> _Problem_: Using the data beneath, show every line that includes the word "cong".

=== The input ===

definition ramification ::
  "('v, 'e) wgraph \<Rightarrow> ('w, 'f) wgraph \<Rightarrow> ('v \<Rightarrow> 'w) \<Rightarrow> ('e \<Rightarrow> 'w + 'f) \<Rightarrow> 'v \<Rightarrow> int" where
  "ramification G G' fV fE v =
     2 * (M G G' fV fE v - 1 + int (wt G v) - M G G' fV fE v * int (wt G' (fV v)))
     - (\<Sum>e\<in>inc_edges G v. U G G' fE e - 1)"

end

theory Submission
  imports Defs
begin

text \<open>Pseudo-harmonicity at a vertex v says that the edges at v over each edge at v' = phi(v)
  have total multiplicity M(v), so the sum of U over the edges at v is M(v) val(v'); rearranged,
  this is (i). Summing (i) over V(G) gives (ii): by the handshake lemma the canonical divisor has
  degree 2g - 2, and the pullback of a divisor D' has degree deg(phi) deg(D'). For the latter,
  every edge over an edge e' at v' has exactly one endpoint over v', because phi maps its two
  ends onto the two ends of e'; hence the sum of M over the fibre of v' equals the total
  multiplicity over e'. It is therefore the same at both ends of every edge, and by connectivity
  of G' it is deg(phi) at every vertex.\<close>

lemma sum_val_eq_twice_card_edges:
  assumes "finite (verts G)" and "finite (edges G)"
    and "\<And>e. e \<in> edges G \<Longrightarrow> card (ends G e) = 2 \<and> ends G e \<subseteq> verts G"
  shows "(\<Sum>v\<in>verts G. int (val G v)) = 2 * int (card (edges G))"
proof -
  have "(\<Sum>v\<in>verts G. int (val G v)) =
        (\<Sum>v\<in>verts G. \<Sum>e\<in>edges G. if v \<in> ends G e then 1 else 0)"
    unfolding val_def inc_edges_def using assms(2) by (simp add: sum.If_cases Int_def)
  also have "\<dots> = (\<Sum>e\<in>edges G. \<Sum>v\<in>verts G. if v \<in> ends G e then 1 else 0)"
    by (rule sum.swap)
  also have "\<dots> = (\<Sum>e\<in>edges G. int (card (ends G e)))"
    using assms(1,3) by (intro sum.cong refl) (simp add: sum.If_cases Int_absorb1)
  also have "\<dots> = (\<Sum>e\<in>edges G. 2)"
    using assms(3) by simp
  finally show ?thesis by simp
qed

lemma sum_canonical_eq_genus:
  assumes "loopless_model G"
  shows "(\<Sum>v\<in>verts G. canonical G v) = 2 * genus G - 2"
proof -
  have "(\<Sum>v\<in>verts G. canonical G v) =
     (\<Sum>v\<in>verts G. int (val G v)) - 2 * int (card (verts G)) + 2 * (\<Sum>v\<in>verts G. int (wt G v))"
    unfolding canonical_def by (simp add: sum.distrib sum_subtractf sum_distrib_left)
  moreover have "(\<Sum>v\<in>verts G. int (val G v)) = 2 * int (card (edges G))"
    using assms unfolding loopless_model_def by (intro sum_val_eq_twice_card_edges) auto
  ultimately show ?thesis
    unfolding genus_def by simp
qed

lemma morphism_edge_image:
  assumes "morphism G G' fV fE" and "e \<in> edges G" and "fE e = Inr e'"
  shows "e' \<in> edges G'" and "ends G' e' = fV ` ends G e"
  using assms unfolding morphism_def by fastforce+

lemma M_eq_Mloc:
  assumes "pseudo_harmonic G G' fV fE" and "v \<in> verts G" and "e' \<in> inc_edges G' (fV v)"
  shows "M G G' fV fE v = Mloc G G' fE v e'"
proof -
  have "(SOME e'. e' \<in> inc_edges G' (fV v)) \<in> inc_edges G' (fV v)"
    using assms(3) by (rule someI)
  with assms have "Mloc G G' fE v e' = Mloc G G' fE v (SOME e'. e' \<in> inc_edges G' (fV v))"
    unfolding pseudo_harmonic_def by blast
  with assms(3) show ?thesis
    unfolding M_def by auto
qed
text \<open>\<open>P[a \<le> S]\<close> is the complement of a strict sublevel set, so the homogeneity bound is
  applied at every \<open>t < a\<close> and the estimate at \<open>a\<close> is obtained in the limit \<open>t \<rightarrow> a\<^sup>-\<close>.\<close>

lemma (in finite_measure) measure_atLeastAtMost_le_powr_diff:
  fixes S :: "'a \<Rightarrow> real"
  assumes S[measurable]: "S \<in> borel_measurable M" and p: "p > 0" and ab: "0 \<le> a" "a \<le> b"
    and le_powr: "measure M {x \<in> space M. S x \<le> b} \<le> b powr p"
    and homogeneous: "\<And>t. 0 < t \<Longrightarrow> t < a \<Longrightarrow>
      (t / b) powr p * measure M {x \<in> space M. S x \<le> b} \<le> measure M {x \<in> space M. S x \<le> t}"
  shows "measure M {x \<in> space M. S x \<in> {a..b}} \<le> b powr p - a powr p"
proof (cases "a = 0")
  case True
  have "measure M {x \<in> space M. S x \<in> {a..b}} \<le> measure M {x \<in> space M. S x \<le> b}"
    by (intro finite_measure_mono) auto
  then show ?thesis
    using le_powr True by simp
next
  case False
  then have a: "a > 0"
    using ab by simp
  let ?G = "\<lambda>t. measure M {x \<in> space M. S x \<le> t}"
  have bound: "measure M {x \<in> space M. S x \<in> {a..b}} \<le> b powr p - t powr p" if t: "0 < t" "t < a" for t
  proof -
    have "(t / b) powr p \<le> 1 powr p"
      using t ab p by (intro powr_mono2) auto
    then have t_b: "0 \<le> 1 - (t / b) powr p"
      by simp
    have "measure M {x \<in> space M. S x \<in> {a..b}}
        \<le> measure M ({x \<in> space M. S x \<le> b} - {x \<in> space M. S x \<le> t})"
      using t by (intro finite_measure_mono) auto
    also have "\<dots> = ?G b - ?G t"
      using t ab by (intro finite_measure_Diff) auto
    also have "\<dots> \<le> (1 - (t / b) powr p) * ?G b"
      using homogeneous[OF t] by (simp add: algebra_simps)
    also have "\<dots> \<le> (1 - (t / b) powr p) * b powr p"
      using le_powr t_b by (rule mult_left_mono)
    also have "\<dots> = b powr p - t powr p"
      using t ab by (simp add: powr_divide algebra_simps)
    finally show ?thesis .
  qed
  have "((\<lambda>t. b powr p - t powr p) \<longlongrightarrow> b powr p - a powr p) (at_left a)"
    using a by (intro tendsto_intros) auto
  then show ?thesis
  proof (rule tendsto_lowerbound)
    show "\<forall>\<^sub>F t in at_left a. measure M {x \<in> space M. S x \<in> {a..b}} \<le> b powr p - t powr p"
      using eventually_at_left_real[OF a] by eventually_elim (rule bound; simp)
  qed simp
qed

context
  fixes I :: "'i set"
  assumes finite_I: "finite I"
begin

interpretation uniform_cube: product_prob_space "\<lambda>_. uniform01" I
  by (intro product_prob_spaceI prob_space_uniform01)

lemma prob_space_uniform_cube: "prob_space (uniform_cube I)"
  by (intro prob_space_PiM prob_space_uniform01)

lemma box_in_sets_uniform_cube: "PiE I A \<in> sets (uniform_cube I)" if "\<And>i. i \<in> I \<Longrightarrow> A i \<in> sets borel"
  using finite_I that by (intro sets_PiM_I_finite) auto

lemma emeasure_uniform_cube_box:
  "0 \<le> c \<Longrightarrow> c \<le> 1 \<Longrightarrow> emeasure (uniform_cube I) (PiE I (\<lambda>_. {0..c})) = ennreal (c ^ card I)"
  using finite_I by (subst uniform_cube.emeasure_PiM)
    (auto simp: emeasure_uniform01_atLeastAtMost ennreal_power)

lemma measure_uniform_cube_box:
  "0 \<le> c \<Longrightarrow> c \<le> 1 \<Longrightarrow> measure (uniform_cube I) (PiE I (\<lambda>_. {0..c})) = c ^ card I"
  by (simp add: measure_def emeasure_uniform_cube_box)

lemma AE_uniform_cube: "AE x in uniform_cube I. x \<in> PiE I (\<lambda>_. {0..1})"
  by (rule prob_space.AE_prob_1[OF prob_space_uniform_cube])
    (simp add: measure_uniform_cube_box box_in_sets_uniform_cube)

lemma measure_uniform_cube_Int_cube:
  "E \<in> sets (uniform_cube I) \<Longrightarrow> measure (uniform_cube I) (E \<inter> PiE I (\<lambda>_. {0..1})) = measure (uniform_cube I) E"
  by (rule measure_eq_AE) (use AE_uniform_cube box_in_sets_uniform_cube in auto)

lemma uniform_measure_uniform_cube_box:
  assumes c: "0 < c" "c \<le> 1"
  shows "uniform_measure (uniform_cube I) (PiE I (\<lambda>_. {0..c}))
       = PiM I (\<lambda>_. uniform_measure uniform01 {0..c})"
proof -
  interpret box: product_prob_space "\<lambda>_. uniform_measure uniform01 {0..c}" I
    by (intro product_prob_spaceI prob_space_uniform_measure_uniform01 c)
  show ?thesis
  proof (rule box.PiM_eqI[OF finite_I])
    fix A assume A: "\<And>i. i \<in> I \<Longrightarrow> A i \<in> sets (uniform_measure uniform01 {0..c})"
    have "inverse (ennreal (c ^ card I)) = (\<Prod>i\<in>I. inverse (ennreal c))"
      using c by (simp add: ennreal_power[symmetric] ennreal_inverse_power prod_constant del: ennreal_power)
    then have "emeasure (uniform_measure (uniform_cube I) (PiE I (\<lambda>_. {0..c}))) (PiE I A)
        = (\<Prod>i\<in>I. emeasure uniform01 ({0..c} \<inter> A i) / ennreal c)"
      using A c by (simp add: PiE_Int box_in_sets_uniform_cube emeasure_uniform_cube_box
          uniform_cube.emeasure_PiM[OF finite_I] divide_ennreal_def prod.distrib)
    also have "\<dots> = (\<Prod>i\<in>I. emeasure (uniform_measure uniform01 {0..c}) (A i))"
      using A c by (intro prod.cong) (auto simp: emeasure_uniform01_atLeastAtMost)
    finally show "emeasure (uniform_measure (uniform_cube I) (PiE I (\<lambda>_. {0..c}))) (PiE I A)
        = (\<Prod>i\<in>I. emeasure (uniform_measure uniform01 {0..c}) (A i))" .
  qed (simp cong: sets_PiM_cong)
qed

text \<open>Scaling all coordinates by \<open>c\<close> maps the uniform cube onto the uniform measure on the
  subcube \<open>[0, c]\<^sup>I\<close>, which has volume \<open>c ^ card I\<close>.\<close>

lemma measure_uniform_cube_Int_box:
  assumes c: "0 < c" "c \<le> 1" and E: "E \<in> sets (uniform_cube I)"
  shows "measure (uniform_cube I) (E \<inter> PiE I (\<lambda>_. {0..c}))
       = c ^ card I * measure (uniform_cube I) ((\<lambda>x. \<lambda>i\<in>I. c * x i) -` E \<inter> space (uniform_cube I))"
proof -
  let ?B = "PiE I (\<lambda>_. {0..c})"
  have scale_eq: "compose I ((*) c) = (\<lambda>x. \<lambda>i\<in>I. c * x i)"
    by (auto simp: compose_def fun_eq_iff)
  have scale_measurable: "compose I ((*) c) \<in> uniform_cube I \<rightarrow>\<^sub>M uniform_cube I"
    unfolding compose_def by (intro measurable_restrict) simp
  have "distr (uniform_cube I) (uniform_cube I) (compose I ((*) c))
      = PiM I (\<lambda>_. distr uniform01 uniform01 ((*) c))"
    by (rule distr_PiM_finite_prob_space[OF finite_I]) (auto intro: product_prob_spaceI prob_space_uniform01)
  also have "\<dots> = uniform_measure (uniform_cube I) ?B"
    using c by (simp add: distr_uniform01_mult uniform_measure_uniform_cube_box)
  finally have "measure (uniform_cube I) (compose I ((*) c) -` E \<inter> space (uniform_cube I))
      = measure (uniform_measure (uniform_cube I) ?B) E"
    using E scale_measurable by (metis measure_distr)
  also have "\<dots> = measure (uniform_cube I) (?B \<inter> E) / c ^ card I"
    using c E by (simp add: measure_uniform_measure measure_uniform_cube_box emeasure_uniform_cube_box
        box_in_sets_uniform_cube)
  finally show ?thesis
    using c by (simp add: scale_eq Int_commute field_simps)
qed

lemma measure_uniform_cube_sum_powr_le:
  assumes I: "I \<noteq> {}" and q: "q > 0" and t: "t \<ge> 0"
  shows "measure (uniform_cube I) {x \<in> space (uniform_cube I). (\<Sum>i\<in>I. x i powr q) \<le> t}
       \<le> t powr (card I / q)"
    (is "measure _ ?F \<le> _")
proof (cases "t \<ge> 1")
  case True
  then have "1 \<le> t powr (card I / q)"
    using q by (simp add: ge_one_powr_ge_zero)
  then show ?thesis
    using prob_space.prob_le_1[OF prob_space_uniform_cube, of ?F] by linarith
next
  case False
  define c where "c = t powr (1 / q)"
  have c: "0 \<le> c" "c \<le> 1"
    using False t q powr_mono2[of "1 / q" t 1] by (auto simp: c_def)
  have "?F \<inter> PiE I (\<lambda>_. {0..1}) \<subseteq> PiE I (\<lambda>_. {0..c})"
  proof
    fix x assume x: "x \<in> ?F \<inter> PiE I (\<lambda>_. {0..1})"
    have "x i \<le> c" if i: "i \<in> I" for i
    proof -
      have "x i powr q \<le> (\<Sum>i\<in>I. x i powr q)"
        using finite_I i by (intro member_le_sum) auto
      then have "(x i powr q) powr (1 / q) \<le> t powr (1 / q)"
        using x q by (intro powr_mono2) auto
      then show ?thesis
        using x i q by (auto simp: powr_powr c_def)
    qed
    then show "x \<in> PiE I (\<lambda>_. {0..c})"
      using x by auto
  qed
  then have "measure (uniform_cube I) (?F \<inter> PiE I (\<lambda>_. {0..1})) \<le> measure (uniform_cube I) (PiE I (\<lambda>_. {0..c}))"
    by (intro finite_measure.finite_measure_mono prob_space.finite_measure prob_space_uniform_cube
        box_in_sets_uniform_cube) auto
  moreover have "c ^ card I = t powr (card I / q)"
    using I finite_I t q by (cases "t = 0") (auto simp: c_def powr_realpow[symmetric] powr_powr)
  ultimately show ?thesis
    by (simp add: measure_uniform_cube_Int_cube measure_uniform_cube_box c)
qed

===

> _Solution to this exercise_:
    using assms(1,3) by (intro sum.cong refl) (simp add: sum.If_cases Int_absorb1)
      using A c by (intro prod.cong) (auto simp: emeasure_uniform01_atLeastAtMost)
  qed (simp cong: sets_PiM_cong)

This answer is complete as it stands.